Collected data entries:
-- -- --
lemma franel_diag_sum_rec:
  "(of_nat n + 2) ^ 2 * (\<Sum>i\<le>n + 2. franel_diag_term (n + 2) i)
     = (7 * of_nat n ^ 2 + 21 * of_nat n + 16) * (\<Sum>i\<le>n + 1. franel_diag_term (n + 1) i)
       + 8 * (of_nat n + 1) ^ 2 * (\<Sum>i\<le>n. franel_diag_term n i)"
  by (rule sum_recurrence_by_telescoping[where t = franel_diag_term and H = "franel_diag_cert n"],
      rule franel_diag_term_telescoping)
    (simp_all add: franel_diag_cert_def franel_diag_term_def)

lemma franel_sum_rec:
  "(of_nat n + 2) ^ 2 * (\<Sum>k\<le>n + 2. of_nat ((n + 2) choose k) ^ 3)
     = (7 * of_nat n ^ 2 + 21 * of_nat n + 16) * (\<Sum>k\<le>n + 1. of_nat ((n + 1) choose k) ^ 3)
       + 8 * (of_nat n + 1) ^ 2 * (\<Sum>k\<le>n. of_nat (n choose k) ^ 3 :: rat)"
  by (rule sum_recurrence_by_telescoping[where t = "\<lambda>n k. of_nat (n choose k) ^ 3"
        and H = "franel_summand_cert n"], rule franel_summand_telescoping)
    (simp_all add: franel_summand_cert_def binomial_eq_0)

lemma franel_diag_sum_eq: "(\<Sum>i\<le>n. franel_diag_term n i) = (\<Sum>k\<le>n. of_nat (n choose k) ^ 3)"
  by (rule linear_recurrence_unique[where u = "\<lambda>n. \<Sum>i\<le>n. franel_diag_term n i"
        and v = "\<lambda>n. \<Sum>k\<le>n. of_nat (n choose k) ^ 3"
        and p = "\<lambda>n. (of_nat n + 2) ^ 2" and q = "\<lambda>n. 7 * of_nat n ^ 2 + 21 * of_nat n + 16"
        and r = "\<lambda>n. 8 * (of_nat n + 1) ^ 2"])
    (simp add: of_nat_add_2_neq_0, fact franel_diag_sum_rec, fact franel_sum_rec,
      simp_all add: franel_diag_term_def)

theorem mainTheorem8:
  shows "(\<forall>n::nat. of_nat (\<Sum>k=0..n. (n choose k) ^ 3) = coeff3 franel_gf n n n) \<and>
         (\<forall>n1 n2 n3::nat. coeff3 franel_gf n1 n2 n3 =
             coeff3 ((X1 - X2 - X3) ^ n1 * (X2 - X1 - X3) ^ n2 * (X3 - X1 - X2) ^ n3) n1 n2 n3)"
proof (intro conjI allI)
  fix n :: nat
  have "coeff3 franel_gf n n n = franel_gf_coeff n n n"
    using series3_eq_franel_gfI[OF franel_op_franel_gf_coeff] by (metis coeff3_series3)
  also have "\<dots> = (\<Sum>k\<le>n. of_nat (n choose k) ^ 3)"
    by (simp add: franel_gf_coeff_diag franel_diag_sum_eq)
  finally show "of_nat (\<Sum>k=0..n. (n choose k) ^ 3) = coeff3 franel_gf n n n"
    by (simp add: atLeast0AtMost)
next
  fix n1 n2 n3 :: nat
  have "series3 (transform1 (transform2 (transform3 signed_multinomial))) = franel_gf"
    by (intro series3_eq_franel_gfI franel_op_transform signed_multinomial_rec)
  then show "coeff3 franel_gf n1 n2 n3 =
      coeff3 ((X1 - X2 - X3) ^ n1 * (X2 - X1 - X3) ^ n2 * (X3 - X1 - X2) ^ n3) n1 n2 n3"
    by (metis coeff3_linear_forms_product coeff3_series3)
qed

end
text \<open>Writing the right-hand side as \<open>a(t) y - c y\<^sup>2\<close> with \<open>c = r / K\<close> turns the model into a
  logistic equation with time-dependent growth rate \<open>a\<close>, and \<open>u = 1 / y\<close> then solves the linear
  equation \<open>u' = c - a(t) u\<close>. Solving it explicitly gives a positive solution; uniqueness follows
  from a Gronwall estimate for \<open>(z - y)\<^sup>2\<close>. Since \<open>r - q - s \<le> a(t) \<le> r + m + p\<close>, comparing \<open>u\<close>
  with solutions of \<open>u' = c - \<alpha> u\<close> for these constant rates \<open>\<alpha>\<close> shows that \<open>1 / y\<close> is
  asymptotically squeezed between \<open>c / (r + m + p)\<close> and \<open>c / (r - q - s)\<close>.\<close>

lemma DERIV_within_nonneg_imp_nondecreasing:
  fixes f f' :: "real \<Rightarrow> real"
  assumes deriv: "\<And>x. x \<in> {a..b} \<Longrightarrow> (f has_real_derivative f' x) (at x within {a..b})"
    and nonneg: "\<And>x. x \<in> {a..b} \<Longrightarrow> f' x \<ge> 0"
    and t: "t \<in> {a..b}"
  shows "f a \<le> f t"
proof (rule DERIV_nonneg_imp_increasing_open[of a t f])
  show "a \<le> t" using t by simp
  have "continuous_on {a..b} f" by (rule DERIV_continuous_on[OF deriv])
  then show "continuous_on {a..t} f" by (rule continuous_on_subset) (use t in auto)
  fix x assume x: "a < x" "x < t"
  then have "at x within {a..b} = at x" using t by (intro at_within_Icc_at) auto
  then show "\<exists>d. (f has_real_derivative d) (at x) \<and> d \<ge> 0"
    using deriv[of x] nonneg[of x] x t by auto
qed

lemma DERIV_within_nonpos_imp_nonincreasing:
  fixes f f' :: "real \<Rightarrow> real"
  assumes deriv: "\<And>x. x \<in> {a..b} \<Longrightarrow> (f has_real_derivative f' x) (at x within {a..b})"
    and nonpos: "\<And>x. x \<in> {a..b} \<Longrightarrow> f' x \<le> 0"
    and t: "t \<in> {a..b}"
  shows "f t \<le> f a"
  using DERIV_within_nonneg_imp_nondecreasing[of a b "\<lambda>x. - f x" "\<lambda>x. - f' x"] assms
  by (auto intro: derivative_intros)

lemma Limsup_le_of_eventually_le_tendsto:
  fixes f g :: "'a \<Rightarrow> real"
  assumes "F \<noteq> bot" "eventually (\<lambda>x. f x \<le> g x) F" "(g \<longlongrightarrow> l) F"
  shows "Limsup F (\<lambda>x. ereal (f x)) \<le> ereal l"
proof -
  have "Limsup F (\<lambda>x. ereal (f x)) \<le> Limsup F (\<lambda>x. ereal (g x))"
    using assms(2) by (intro Limsup_mono) simp
  also have "\<dots> = ereal l"
    using assms(1,3) by (intro lim_imp_Limsup) (simp_all add: lim_ereal)
  finally show ?thesis .
qed

lemma Liminf_ge_of_eventually_ge_tendsto:
  fixes f g :: "'a \<Rightarrow> real"
  assumes "F \<noteq> bot" "eventually (\<lambda>x. g x \<le> f x) F" "(g \<longlongrightarrow> l) F"
  shows "ereal l \<le> Liminf F (\<lambda>x. ereal (f x))"
proof -
  have "ereal l = Liminf F (\<lambda>x. ereal (g x))"
    using assms(1,3) by (intro lim_imp_Liminf[symmetric]) (simp_all add: lim_ereal)
  also have "\<dots> \<le> Liminf F (\<lambda>x. ereal (f x))"
    using assms(2) by (intro Liminf_mono) simp
  finally show ?thesis .
qed

lemma solves_ivp_subset:
  assumes "solves_ivp F y0 S y" "T \<subseteq> S"
  shows "solves_ivp F y0 T y"
  using assms unfolding solves_ivp_def by (auto intro: has_field_derivative_subset)

definition logistic_rhs :: "(real \<Rightarrow> real) \<Rightarrow> real \<Rightarrow> real \<Rightarrow> real \<Rightarrow> real" where
  "logistic_rhs a c t y = a t * y - c * y\<^sup>2"
lemma has_field_derivative_pow_mat_affine:
  fixes B D :: "'a::real_normed_field mat"
  assumes B: "B \<in> carrier_mat n n" and D: "D \<in> carrier_mat n n"
  shows "i < n \<Longrightarrow> j < n \<Longrightarrow>
    ((\<lambda>t. ((B + t \<cdot>\<^sub>m D) ^\<^sub>m p) $$ (i, j)) has_field_derivative
      pow_mat_deriv (B + x \<cdot>\<^sub>m D) D p $$ (i, j)) (at x)"
proof (induction p arbitrary: i j)
  case 0
  then show ?case
    using B D by simp
next
  case (Suc p)
  let ?C = "\<lambda>t. B + t \<cdot>\<^sub>m D"
  have C: "?C t \<in> carrier_mat n n" for t
    using B D by simp
  have C_entry: "?C t $$ (i, l) = B $$ (i, l) + t * D $$ (i, l)" if "l < n" for t l
    using B D Suc.prems that by simp
  have entry: "(?C t ^\<^sub>m Suc p) $$ (i, j) =
      (\<Sum>l = 0..<n. (B $$ (i, l) + t * D $$ (i, l)) * (?C t ^\<^sub>m p) $$ (l, j))" for t
    unfolding pow_mat_Suc_left[OF C] index_mult_mat_square[OF C pow_carrier_mat[OF C] Suc.prems]
    by (simp add: C_entry)
  have "((\<lambda>t. \<Sum>l = 0..<n. (B $$ (i, l) + t * D $$ (i, l)) * (?C t ^\<^sub>m p) $$ (l, j))
      has_field_derivative
      (\<Sum>l = 0..<n. D $$ (i, l) * (?C x ^\<^sub>m p) $$ (l, j)
         + pow_mat_deriv (?C x) D p $$ (l, j) * (B $$ (i, l) + x * D $$ (i, l)))) (at x)"
    using Suc.prems by (intro DERIV_sum DERIV_mult Suc.IH) (auto intro!: derivative_eq_intros)
  also have "(\<Sum>l = 0..<n. D $$ (i, l) * (?C x ^\<^sub>m p) $$ (l, j)
         + pow_mat_deriv (?C x) D p $$ (l, j) * (B $$ (i, l) + x * D $$ (i, l)))
      = (\<Sum>l = 0..<n. ?C x $$ (i, l) * pow_mat_deriv (?C x) D p $$ (l, j)
          + D $$ (i, l) * (?C x ^\<^sub>m p) $$ (l, j))"
  proof (rule sum.cong)
    fix l assume "l \<in> {0..<n}"
    then have "?C x $$ (i, l) = B $$ (i, l) + x * D $$ (i, l)"
      by (intro C_entry) simp
    then show "D $$ (i, l) * (?C x ^\<^sub>m p) $$ (l, j)
         + pow_mat_deriv (?C x) D p $$ (l, j) * (B $$ (i, l) + x * D $$ (i, l))
      = ?C x $$ (i, l) * pow_mat_deriv (?C x) D p $$ (l, j) + D $$ (i, l) * (?C x ^\<^sub>m p) $$ (l, j)"
      by (simp only: mult.commute add.commute)
  qed simp
  also have "\<dots> = (?C x * pow_mat_deriv (?C x) D p) $$ (i, j) + (D * ?C x ^\<^sub>m p) $$ (i, j)"
    unfolding index_mult_mat_square[OF C pow_mat_deriv_carrier[OF C D] Suc.prems]
      index_mult_mat_square[OF D pow_carrier_mat[OF C] Suc.prems]
    by (rule sum.distrib)
  also have "\<dots> = pow_mat_deriv (?C x) D (Suc p) $$ (i, j)"
    using Suc.prems carrier_matD[OF C[of x]] carrier_matD[OF D]
    by (subst pow_mat_deriv.simps, subst index_add_mat(1)) auto
  finally show ?case
    unfolding entry .
qed

(* dA(s)/ds_k: the variable s_k occurs in A(s) only at position (k-1, 0), 0-based. *)
definition Acomp_dsk :: "nat \<Rightarrow> complex mat" where
  "Acomp_dsk k = mat k k (\<lambda>(i, j). if i + 1 = k \<and> j = 0 then (-1)^(k-1) else 0)"
(* In the session calculus, weak fairness of instructions (WI) coincides with justness (J): a path is WI-fair iff it is just.
   Context: Session calculus: threads $P ::= \mathbf{end} \mid \bigoplus_{i\in I} p_i!\lambda_i;P_i \mid \sum_{i\in I} p_i?\lambda_i;P_i \mid X \mid \mu X.P$ (guarded recursion), thread states additionally $\langle q!\lambda\rangle;P$; networks $p[\![P]\!]\mid 0\mid N\parallel N$ with distinct locations and closed threads, modulo associativity/commutativity/unit. Transitions: (choice) $p[\![\bigoplus_{i\in I}p_i!\lambda_i;P_i]\!]\parallel N \xrightarrow{\tau} p[\![\langle p_k!\lambda_k\rangle;P_k]\!]\parallel N$; (unfold) $p[\![\mu X.P]\!]\parallel N\xrightarrow{\tau} p[\![P\{\mu X.P/X\}]\!]\parallel N$; (comm) $p_k[\![\langle q!\lambda_k\rangle;Q]\!]\parallel q[\![\sum_{i\in I}p_i?\lambda_i;P_i]\!]\parallel N \xrightarrow{(p_k,\lambda_k,q)} p_k[\![Q]\!]\parallel q[\![P_k]\!]\parallel N$. $\mathrm{comp}(t)$ is the moving location for a $\tau$-transition and $\{p,q\}$ for label $(p,\lambda,q)$; $t,u$ are concurrent if $\mathrm{comp}(t)\cap\mathrm{comp}(u)=\emptyset$. A path is a network state with a maximal sequence of transitions. Instructions: the occurrences of subexpressions $p_k!\lambda_k$, $p_k?\lambda_k$ or $\mu X$ in the network expression; each $\tau$-transition stems from exactly one instruction and each communication transition from exactly two (output and matching input); $\mathrm{instr}(t)$ is this set. An instruction $I$ is enabled in $N$ if some transition $t$ from $N$ has $I\in\mathrm{instr}(t)$, perpetually enabled on a path if enabled in all its states, and engaged in by a path containing such a $t$. A path $\pi$ is WI-fair if for every suffix $\pi'$, every instruction perpetually enabled on $\pi'$ is engaged in by $\pi'$. A path $\pi$ is just if for every suffix starting in state $s$ and every transition $t$ enabled in $s$, that suffix contains a transition $u$ not concurrent with $t$. *)

theory Defs
  imports Main "HOL-Library.Extended_Nat"
begin
text \<open>The distance is d(x, y) = N(x y^-1), where the gauge N(z, tau) is the positive root of
  N^4 = |z|^2 N^2 + tau^2; N is homogeneous under dilations and satisfies the quasi-triangle
  inequality N(x y) <= N(x) + 3 N(y). Since 0 and q lie within O(t) of the sphere of radius r
  about p, we get |p| = r + O(t) and d(q, p) >= r - O(t), while |q| = rt + O(tt) is at most a
  small multiple u <= 4 eps of |p|. If hat q were close to hat p, with hat p away from the
  vertical axis (|tau_p| <= taub), then q = dil |p| (dil u (hat q)), and a second order expansion
  of the gauge gives d(q, p) <= |p| - (1 - taub^2) |q| / 4: moving from 0 a distance |q| roughly
  towards p brings one closer to p by a fixed fraction of |q|. As |q| >= rt/2 >= t R/2, this
  contradicts d(q, p) >= |p| - O(t) once R is large.\<close>

text \<open>The gauge of (z, \<tau>) is the unique r \<ge> 0 with r^4 = |z|^2 r^2 + \<tau>^2, i.e. the dilation
  factor that moves (z, \<tau>) onto the Euclidean unit sphere.\<close>
definition heis_gauge :: "('n::finite) heis \<Rightarrow> real" where
  "heis_gauge x = sqrt (((norm (fst x))\<^sup>2 + sqrt ((norm (fst x))^4 + 4 * (snd x)\<^sup>2)) / 2)"

lemma heis_gauge_nonneg: "heis_gauge x \<ge> 0"
  unfolding heis_gauge_def by simp

lemma heis_gauge_power2:
  "(heis_gauge x)\<^sup>2 = ((norm (fst x))\<^sup>2 + sqrt ((norm (fst x))^4 + 4 * (snd x)\<^sup>2)) / 2"
  unfolding heis_gauge_def by simp

lemma heis_gauge_power4: "(heis_gauge x)^4 = (norm (fst x))\<^sup>2 * (heis_gauge x)\<^sup>2 + (snd x)\<^sup>2"
proof -
  define S where "S = sqrt ((norm (fst x))^4 + 4 * (snd x)\<^sup>2)"
  have "S\<^sup>2 = (norm (fst x))^4 + 4 * (snd x)\<^sup>2"
    unfolding S_def by simp
  moreover have "(heis_gauge x)^4 = ((heis_gauge x)\<^sup>2)\<^sup>2"
    by simp
  ultimately show ?thesis
    unfolding heis_gauge_power2 S_def[symmetric] by (simp add: power2_eq_square power4_eq_xxxx field_simps)
qed

lemma heis_gauge_bounds: "norm (fst x) \<le> heis_gauge x" "\<bar>snd x\<bar> \<le> (heis_gauge x)\<^sup>2"
proof -
  define S where "S = sqrt ((norm (fst x))^4 + 4 * (snd x)\<^sup>2)"
  have "sqrt (((norm (fst x))\<^sup>2)\<^sup>2) \<le> S" "sqrt ((2 * snd x)\<^sup>2) \<le> S"
    unfolding S_def by (intro real_sqrt_le_mono; simp add: power2_eq_square power4_eq_xxxx)+
  then have n: "(norm (fst x))\<^sup>2 \<le> S" and t: "2 * \<bar>snd x\<bar> \<le> S"
    by (simp_all only: real_sqrt_abs abs_power2 abs_mult abs_numeral)
  have "(heis_gauge x)\<^sup>2 = ((norm (fst x))\<^sup>2 + S) / 2"
    unfolding heis_gauge_power2 S_def ..
  with n t zero_le_power2[of "norm (fst x)"]
  have "(norm (fst x))\<^sup>2 \<le> (heis_gauge x)\<^sup>2" "\<bar>snd x\<bar> \<le> (heis_gauge x)\<^sup>2"
    by (simp_all, linarith)
  then show "norm (fst x) \<le> heis_gauge x" "\<bar>snd x\<bar> \<le> (heis_gauge x)\<^sup>2"
    using heis_gauge_nonneg power2_le_imp_le by blast+
qed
-- -- --
> **To do**
Each line above that holds the string "auto" should be copied and shown.

> **Task response**
  then show "continuous_on {a..t} f" by (rule continuous_on_subset) (use t in auto)
  then have "at x within {a..b} = at x" using t by (intro at_within_Icc_at) auto
    using deriv[of x] nonneg[of x] x t by auto
  by (auto intro: derivative_intros)
  using assms unfolding solves_ivp_def by (auto intro: has_field_derivative_subset)
    using Suc.prems by (intro DERIV_sum DERIV_mult Suc.IH) (auto intro!: derivative_eq_intros)
    by (subst pow_mat_deriv.simps, subst index_add_mat(1)) auto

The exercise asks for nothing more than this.